Data for the task: Begin

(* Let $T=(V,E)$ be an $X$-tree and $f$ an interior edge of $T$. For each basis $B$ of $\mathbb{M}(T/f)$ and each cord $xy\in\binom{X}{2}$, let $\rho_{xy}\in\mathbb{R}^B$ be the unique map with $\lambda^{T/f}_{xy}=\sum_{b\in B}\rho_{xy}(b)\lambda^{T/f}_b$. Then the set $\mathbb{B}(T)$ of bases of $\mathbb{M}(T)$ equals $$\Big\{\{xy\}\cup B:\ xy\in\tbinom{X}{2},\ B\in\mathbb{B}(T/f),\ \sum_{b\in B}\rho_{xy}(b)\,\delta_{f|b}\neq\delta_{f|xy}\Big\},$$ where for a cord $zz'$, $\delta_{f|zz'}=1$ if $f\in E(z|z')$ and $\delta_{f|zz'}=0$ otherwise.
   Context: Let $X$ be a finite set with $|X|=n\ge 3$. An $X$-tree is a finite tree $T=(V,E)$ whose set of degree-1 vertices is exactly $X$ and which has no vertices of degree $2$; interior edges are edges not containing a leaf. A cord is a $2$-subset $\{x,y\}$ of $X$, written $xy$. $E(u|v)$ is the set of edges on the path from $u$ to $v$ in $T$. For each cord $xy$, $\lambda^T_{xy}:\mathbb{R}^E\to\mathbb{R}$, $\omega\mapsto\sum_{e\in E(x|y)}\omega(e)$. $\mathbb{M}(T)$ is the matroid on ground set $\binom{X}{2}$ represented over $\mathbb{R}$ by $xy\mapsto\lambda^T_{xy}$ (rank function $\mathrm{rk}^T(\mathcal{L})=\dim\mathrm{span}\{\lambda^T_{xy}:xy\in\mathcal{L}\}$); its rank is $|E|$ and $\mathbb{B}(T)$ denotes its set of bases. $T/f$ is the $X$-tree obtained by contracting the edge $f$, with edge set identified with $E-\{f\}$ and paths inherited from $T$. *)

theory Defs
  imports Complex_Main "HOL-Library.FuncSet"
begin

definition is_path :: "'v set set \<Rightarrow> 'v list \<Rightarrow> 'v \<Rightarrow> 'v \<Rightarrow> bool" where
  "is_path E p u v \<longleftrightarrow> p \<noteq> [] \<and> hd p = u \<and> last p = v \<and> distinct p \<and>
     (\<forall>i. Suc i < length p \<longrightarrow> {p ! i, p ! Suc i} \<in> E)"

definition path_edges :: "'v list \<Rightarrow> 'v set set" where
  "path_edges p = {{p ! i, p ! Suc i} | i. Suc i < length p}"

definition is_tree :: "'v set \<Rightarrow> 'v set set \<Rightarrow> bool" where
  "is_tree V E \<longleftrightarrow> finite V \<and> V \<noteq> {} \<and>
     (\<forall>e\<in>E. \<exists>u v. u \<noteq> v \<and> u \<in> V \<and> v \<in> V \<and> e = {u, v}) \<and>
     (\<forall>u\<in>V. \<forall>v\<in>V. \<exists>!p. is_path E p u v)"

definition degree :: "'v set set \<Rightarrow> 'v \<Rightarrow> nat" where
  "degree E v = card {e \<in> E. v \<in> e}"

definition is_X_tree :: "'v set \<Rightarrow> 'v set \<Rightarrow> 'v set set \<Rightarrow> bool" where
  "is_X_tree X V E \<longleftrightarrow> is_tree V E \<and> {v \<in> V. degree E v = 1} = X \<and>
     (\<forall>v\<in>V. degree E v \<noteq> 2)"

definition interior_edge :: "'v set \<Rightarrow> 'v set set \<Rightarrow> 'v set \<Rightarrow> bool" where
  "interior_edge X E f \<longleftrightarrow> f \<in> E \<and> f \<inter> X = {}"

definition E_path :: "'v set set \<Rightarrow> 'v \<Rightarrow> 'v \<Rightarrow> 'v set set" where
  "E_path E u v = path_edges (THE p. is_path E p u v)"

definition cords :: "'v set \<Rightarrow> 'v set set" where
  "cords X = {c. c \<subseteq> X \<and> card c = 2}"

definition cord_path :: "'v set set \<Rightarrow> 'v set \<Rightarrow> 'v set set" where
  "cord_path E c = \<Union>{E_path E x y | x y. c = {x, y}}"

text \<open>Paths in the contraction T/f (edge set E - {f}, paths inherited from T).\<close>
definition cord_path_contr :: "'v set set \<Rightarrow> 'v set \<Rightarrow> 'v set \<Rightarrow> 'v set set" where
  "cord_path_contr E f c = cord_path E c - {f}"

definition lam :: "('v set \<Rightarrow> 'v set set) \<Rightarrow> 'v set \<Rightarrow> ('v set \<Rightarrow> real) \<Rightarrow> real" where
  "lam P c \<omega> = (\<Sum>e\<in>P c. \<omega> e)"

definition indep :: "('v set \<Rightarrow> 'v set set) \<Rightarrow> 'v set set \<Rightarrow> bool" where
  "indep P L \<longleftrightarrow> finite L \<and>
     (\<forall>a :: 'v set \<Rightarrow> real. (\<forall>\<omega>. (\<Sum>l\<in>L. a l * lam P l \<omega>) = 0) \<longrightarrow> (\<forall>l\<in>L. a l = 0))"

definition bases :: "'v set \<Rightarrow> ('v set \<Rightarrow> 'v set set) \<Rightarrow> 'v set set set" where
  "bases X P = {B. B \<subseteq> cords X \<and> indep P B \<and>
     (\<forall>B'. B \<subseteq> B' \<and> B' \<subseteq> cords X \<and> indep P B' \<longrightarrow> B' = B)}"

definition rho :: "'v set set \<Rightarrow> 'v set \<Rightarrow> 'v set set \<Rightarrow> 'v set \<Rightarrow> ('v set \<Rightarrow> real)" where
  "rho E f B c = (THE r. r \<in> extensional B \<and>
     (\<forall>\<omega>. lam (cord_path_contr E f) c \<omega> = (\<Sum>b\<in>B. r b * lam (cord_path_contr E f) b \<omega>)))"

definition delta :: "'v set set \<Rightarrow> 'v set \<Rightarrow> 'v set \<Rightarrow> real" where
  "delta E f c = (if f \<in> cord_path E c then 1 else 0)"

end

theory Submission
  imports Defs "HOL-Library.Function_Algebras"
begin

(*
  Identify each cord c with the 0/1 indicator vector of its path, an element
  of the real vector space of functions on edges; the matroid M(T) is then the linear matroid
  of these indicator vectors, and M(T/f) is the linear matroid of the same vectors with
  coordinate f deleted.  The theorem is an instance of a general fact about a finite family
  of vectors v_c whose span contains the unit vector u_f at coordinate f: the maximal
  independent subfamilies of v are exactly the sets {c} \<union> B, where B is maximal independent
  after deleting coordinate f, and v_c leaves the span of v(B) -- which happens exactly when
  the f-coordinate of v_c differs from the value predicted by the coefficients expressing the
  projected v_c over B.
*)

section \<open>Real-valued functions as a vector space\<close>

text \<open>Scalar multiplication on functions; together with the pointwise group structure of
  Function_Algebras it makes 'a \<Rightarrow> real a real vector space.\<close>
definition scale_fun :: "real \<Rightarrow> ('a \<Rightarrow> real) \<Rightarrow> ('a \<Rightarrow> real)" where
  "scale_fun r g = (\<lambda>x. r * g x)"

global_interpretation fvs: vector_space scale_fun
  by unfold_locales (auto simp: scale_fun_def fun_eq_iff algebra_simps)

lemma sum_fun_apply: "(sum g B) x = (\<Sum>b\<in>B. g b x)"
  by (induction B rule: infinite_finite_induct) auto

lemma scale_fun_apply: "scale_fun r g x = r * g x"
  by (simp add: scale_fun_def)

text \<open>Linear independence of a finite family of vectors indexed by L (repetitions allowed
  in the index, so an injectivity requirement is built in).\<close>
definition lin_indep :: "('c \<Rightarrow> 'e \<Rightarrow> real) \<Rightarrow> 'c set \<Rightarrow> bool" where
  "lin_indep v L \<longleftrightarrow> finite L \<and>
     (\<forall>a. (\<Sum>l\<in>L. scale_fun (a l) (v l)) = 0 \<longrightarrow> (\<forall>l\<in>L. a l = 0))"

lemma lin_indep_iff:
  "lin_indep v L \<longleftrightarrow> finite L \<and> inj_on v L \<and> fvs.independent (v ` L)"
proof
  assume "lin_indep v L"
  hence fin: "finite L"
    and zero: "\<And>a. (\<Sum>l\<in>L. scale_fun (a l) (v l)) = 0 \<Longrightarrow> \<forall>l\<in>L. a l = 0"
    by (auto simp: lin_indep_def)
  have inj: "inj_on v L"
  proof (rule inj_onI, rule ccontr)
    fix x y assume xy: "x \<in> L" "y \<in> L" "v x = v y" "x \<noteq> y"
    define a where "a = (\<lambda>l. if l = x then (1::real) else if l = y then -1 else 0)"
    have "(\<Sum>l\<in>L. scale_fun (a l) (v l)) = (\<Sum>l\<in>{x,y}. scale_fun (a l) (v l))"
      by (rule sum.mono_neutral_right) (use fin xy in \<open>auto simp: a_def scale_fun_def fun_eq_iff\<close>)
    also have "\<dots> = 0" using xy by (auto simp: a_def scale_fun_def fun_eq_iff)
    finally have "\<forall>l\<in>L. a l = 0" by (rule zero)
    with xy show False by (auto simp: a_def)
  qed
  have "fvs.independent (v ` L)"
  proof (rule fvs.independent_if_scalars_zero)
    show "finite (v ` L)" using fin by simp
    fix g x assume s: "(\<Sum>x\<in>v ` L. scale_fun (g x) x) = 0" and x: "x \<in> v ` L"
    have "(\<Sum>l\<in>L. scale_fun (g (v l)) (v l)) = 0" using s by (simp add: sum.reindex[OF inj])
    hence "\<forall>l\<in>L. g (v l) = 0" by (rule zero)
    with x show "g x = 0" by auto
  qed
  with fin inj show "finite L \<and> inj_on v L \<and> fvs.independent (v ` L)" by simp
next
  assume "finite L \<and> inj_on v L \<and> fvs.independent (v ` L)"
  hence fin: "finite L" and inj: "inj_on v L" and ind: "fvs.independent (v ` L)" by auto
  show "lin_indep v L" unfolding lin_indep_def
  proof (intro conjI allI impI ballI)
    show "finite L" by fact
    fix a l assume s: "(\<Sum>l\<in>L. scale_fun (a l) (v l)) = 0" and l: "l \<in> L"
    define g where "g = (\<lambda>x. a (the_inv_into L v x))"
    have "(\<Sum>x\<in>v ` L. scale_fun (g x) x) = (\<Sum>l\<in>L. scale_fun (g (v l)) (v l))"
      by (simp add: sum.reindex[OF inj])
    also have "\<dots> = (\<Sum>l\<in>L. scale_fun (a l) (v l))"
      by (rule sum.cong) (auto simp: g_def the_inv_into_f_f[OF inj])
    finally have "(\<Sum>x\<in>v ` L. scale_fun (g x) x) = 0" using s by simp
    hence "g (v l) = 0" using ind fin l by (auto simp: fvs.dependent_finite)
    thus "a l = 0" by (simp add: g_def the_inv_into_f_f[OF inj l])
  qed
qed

Data for the task: End
Data for the task: Begin

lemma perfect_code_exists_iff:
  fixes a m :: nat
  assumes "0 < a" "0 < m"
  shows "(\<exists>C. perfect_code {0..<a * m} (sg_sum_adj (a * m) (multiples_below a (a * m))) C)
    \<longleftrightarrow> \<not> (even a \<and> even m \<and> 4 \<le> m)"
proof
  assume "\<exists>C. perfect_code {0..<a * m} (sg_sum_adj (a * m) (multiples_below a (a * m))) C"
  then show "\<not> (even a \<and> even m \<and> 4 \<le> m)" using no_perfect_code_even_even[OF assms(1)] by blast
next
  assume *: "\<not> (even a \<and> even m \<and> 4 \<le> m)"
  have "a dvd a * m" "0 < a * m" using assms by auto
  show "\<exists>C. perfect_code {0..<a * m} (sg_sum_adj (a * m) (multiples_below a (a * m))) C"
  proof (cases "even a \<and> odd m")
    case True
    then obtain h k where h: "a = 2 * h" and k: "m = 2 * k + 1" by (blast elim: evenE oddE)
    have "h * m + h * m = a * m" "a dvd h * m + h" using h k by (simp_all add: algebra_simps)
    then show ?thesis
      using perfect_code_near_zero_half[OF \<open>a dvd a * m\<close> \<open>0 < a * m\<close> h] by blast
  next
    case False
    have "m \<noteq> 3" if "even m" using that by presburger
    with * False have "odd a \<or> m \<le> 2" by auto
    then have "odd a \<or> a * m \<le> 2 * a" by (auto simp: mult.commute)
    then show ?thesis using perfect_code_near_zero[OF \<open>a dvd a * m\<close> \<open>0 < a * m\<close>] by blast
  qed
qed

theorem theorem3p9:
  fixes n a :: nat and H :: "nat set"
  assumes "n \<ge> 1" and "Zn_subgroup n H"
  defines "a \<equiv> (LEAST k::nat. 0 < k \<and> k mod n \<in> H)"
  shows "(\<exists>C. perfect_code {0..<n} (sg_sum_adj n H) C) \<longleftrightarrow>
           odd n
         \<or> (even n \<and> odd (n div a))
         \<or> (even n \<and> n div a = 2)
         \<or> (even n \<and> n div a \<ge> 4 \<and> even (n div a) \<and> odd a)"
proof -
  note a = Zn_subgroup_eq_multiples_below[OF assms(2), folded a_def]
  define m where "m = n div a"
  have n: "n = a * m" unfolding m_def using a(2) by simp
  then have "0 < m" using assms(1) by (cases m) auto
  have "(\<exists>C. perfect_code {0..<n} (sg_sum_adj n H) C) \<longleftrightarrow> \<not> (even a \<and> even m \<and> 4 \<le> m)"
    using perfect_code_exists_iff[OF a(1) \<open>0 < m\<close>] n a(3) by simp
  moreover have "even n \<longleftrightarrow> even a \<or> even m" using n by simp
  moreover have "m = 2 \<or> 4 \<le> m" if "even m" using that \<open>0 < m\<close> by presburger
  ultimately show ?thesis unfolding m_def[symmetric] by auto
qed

Data for the task: End
Data for the task: Begin

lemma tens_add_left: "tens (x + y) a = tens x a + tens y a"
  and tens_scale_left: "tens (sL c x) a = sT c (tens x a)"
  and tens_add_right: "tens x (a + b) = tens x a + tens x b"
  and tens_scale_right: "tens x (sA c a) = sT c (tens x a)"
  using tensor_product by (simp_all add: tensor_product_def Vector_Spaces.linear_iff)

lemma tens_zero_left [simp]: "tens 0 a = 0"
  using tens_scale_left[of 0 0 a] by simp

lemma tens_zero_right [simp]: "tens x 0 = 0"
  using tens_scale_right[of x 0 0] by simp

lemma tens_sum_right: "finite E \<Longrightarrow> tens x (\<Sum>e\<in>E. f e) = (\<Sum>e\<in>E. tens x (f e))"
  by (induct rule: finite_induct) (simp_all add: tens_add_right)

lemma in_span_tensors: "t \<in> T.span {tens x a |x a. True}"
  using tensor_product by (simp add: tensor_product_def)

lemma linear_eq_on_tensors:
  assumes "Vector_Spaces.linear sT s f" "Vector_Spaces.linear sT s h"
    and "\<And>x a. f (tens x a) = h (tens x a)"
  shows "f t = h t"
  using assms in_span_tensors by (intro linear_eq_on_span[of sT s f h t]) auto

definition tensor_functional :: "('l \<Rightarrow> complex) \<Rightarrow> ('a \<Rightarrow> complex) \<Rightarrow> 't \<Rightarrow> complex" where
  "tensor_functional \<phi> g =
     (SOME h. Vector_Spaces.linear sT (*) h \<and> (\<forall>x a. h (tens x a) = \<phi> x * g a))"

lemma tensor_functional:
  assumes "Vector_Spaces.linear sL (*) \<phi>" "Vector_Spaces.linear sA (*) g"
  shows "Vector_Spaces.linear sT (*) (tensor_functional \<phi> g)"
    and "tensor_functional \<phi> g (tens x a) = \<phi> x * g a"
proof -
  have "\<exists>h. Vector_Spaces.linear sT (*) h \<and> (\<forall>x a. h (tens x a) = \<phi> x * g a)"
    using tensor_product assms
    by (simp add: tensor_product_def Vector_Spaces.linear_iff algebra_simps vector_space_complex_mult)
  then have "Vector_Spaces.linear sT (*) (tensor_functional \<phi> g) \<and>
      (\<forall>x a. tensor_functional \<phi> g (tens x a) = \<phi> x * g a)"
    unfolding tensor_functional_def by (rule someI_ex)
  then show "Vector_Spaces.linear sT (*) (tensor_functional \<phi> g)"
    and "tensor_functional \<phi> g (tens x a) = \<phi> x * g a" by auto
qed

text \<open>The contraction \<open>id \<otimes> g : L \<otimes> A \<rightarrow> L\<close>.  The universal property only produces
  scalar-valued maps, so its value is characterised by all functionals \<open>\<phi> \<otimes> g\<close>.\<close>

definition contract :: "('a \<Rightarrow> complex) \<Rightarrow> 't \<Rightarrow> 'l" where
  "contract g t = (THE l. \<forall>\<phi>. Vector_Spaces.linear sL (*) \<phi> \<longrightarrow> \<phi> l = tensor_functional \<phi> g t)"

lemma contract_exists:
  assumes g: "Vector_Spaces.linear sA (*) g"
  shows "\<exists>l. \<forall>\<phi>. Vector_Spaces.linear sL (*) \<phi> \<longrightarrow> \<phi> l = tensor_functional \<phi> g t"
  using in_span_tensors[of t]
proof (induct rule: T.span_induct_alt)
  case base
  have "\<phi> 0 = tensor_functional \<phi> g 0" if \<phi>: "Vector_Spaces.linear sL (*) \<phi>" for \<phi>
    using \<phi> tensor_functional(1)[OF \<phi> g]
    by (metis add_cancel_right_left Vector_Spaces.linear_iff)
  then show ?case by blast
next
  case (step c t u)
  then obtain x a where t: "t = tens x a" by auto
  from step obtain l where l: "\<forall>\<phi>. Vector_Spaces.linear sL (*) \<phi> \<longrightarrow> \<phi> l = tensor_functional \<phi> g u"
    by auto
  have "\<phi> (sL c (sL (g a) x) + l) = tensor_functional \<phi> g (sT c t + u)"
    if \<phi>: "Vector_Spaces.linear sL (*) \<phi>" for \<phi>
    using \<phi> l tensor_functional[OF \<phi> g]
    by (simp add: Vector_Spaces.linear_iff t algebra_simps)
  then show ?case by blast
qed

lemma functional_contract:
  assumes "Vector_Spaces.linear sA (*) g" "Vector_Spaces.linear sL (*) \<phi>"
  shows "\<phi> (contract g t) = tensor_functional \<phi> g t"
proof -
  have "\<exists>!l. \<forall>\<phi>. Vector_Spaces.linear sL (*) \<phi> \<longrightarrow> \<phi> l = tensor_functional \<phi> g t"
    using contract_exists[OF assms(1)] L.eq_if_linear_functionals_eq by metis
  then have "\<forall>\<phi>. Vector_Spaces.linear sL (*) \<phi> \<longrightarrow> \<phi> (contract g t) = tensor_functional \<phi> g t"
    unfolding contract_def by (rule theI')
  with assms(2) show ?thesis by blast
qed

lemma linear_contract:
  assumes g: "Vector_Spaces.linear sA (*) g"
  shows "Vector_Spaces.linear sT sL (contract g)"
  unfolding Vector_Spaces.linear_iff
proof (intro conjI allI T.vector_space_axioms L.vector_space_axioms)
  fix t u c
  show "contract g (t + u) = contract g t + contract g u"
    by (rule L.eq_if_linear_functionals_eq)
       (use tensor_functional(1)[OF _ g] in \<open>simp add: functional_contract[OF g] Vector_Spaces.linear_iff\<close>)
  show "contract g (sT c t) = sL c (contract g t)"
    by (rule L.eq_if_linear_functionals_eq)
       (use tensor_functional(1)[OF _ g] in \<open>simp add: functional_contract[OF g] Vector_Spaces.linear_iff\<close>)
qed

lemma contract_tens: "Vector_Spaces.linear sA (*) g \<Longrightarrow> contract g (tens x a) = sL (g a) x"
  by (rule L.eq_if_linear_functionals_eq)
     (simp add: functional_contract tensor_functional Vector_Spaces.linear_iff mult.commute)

Data for the task: End

The answer must consist of every line from the data that contains the word "False".

**Answer to the exercise:**
    with xy show False by (auto simp: a_def)
    case False
    with * False have "odd a \<or> m \<le> 2" by auto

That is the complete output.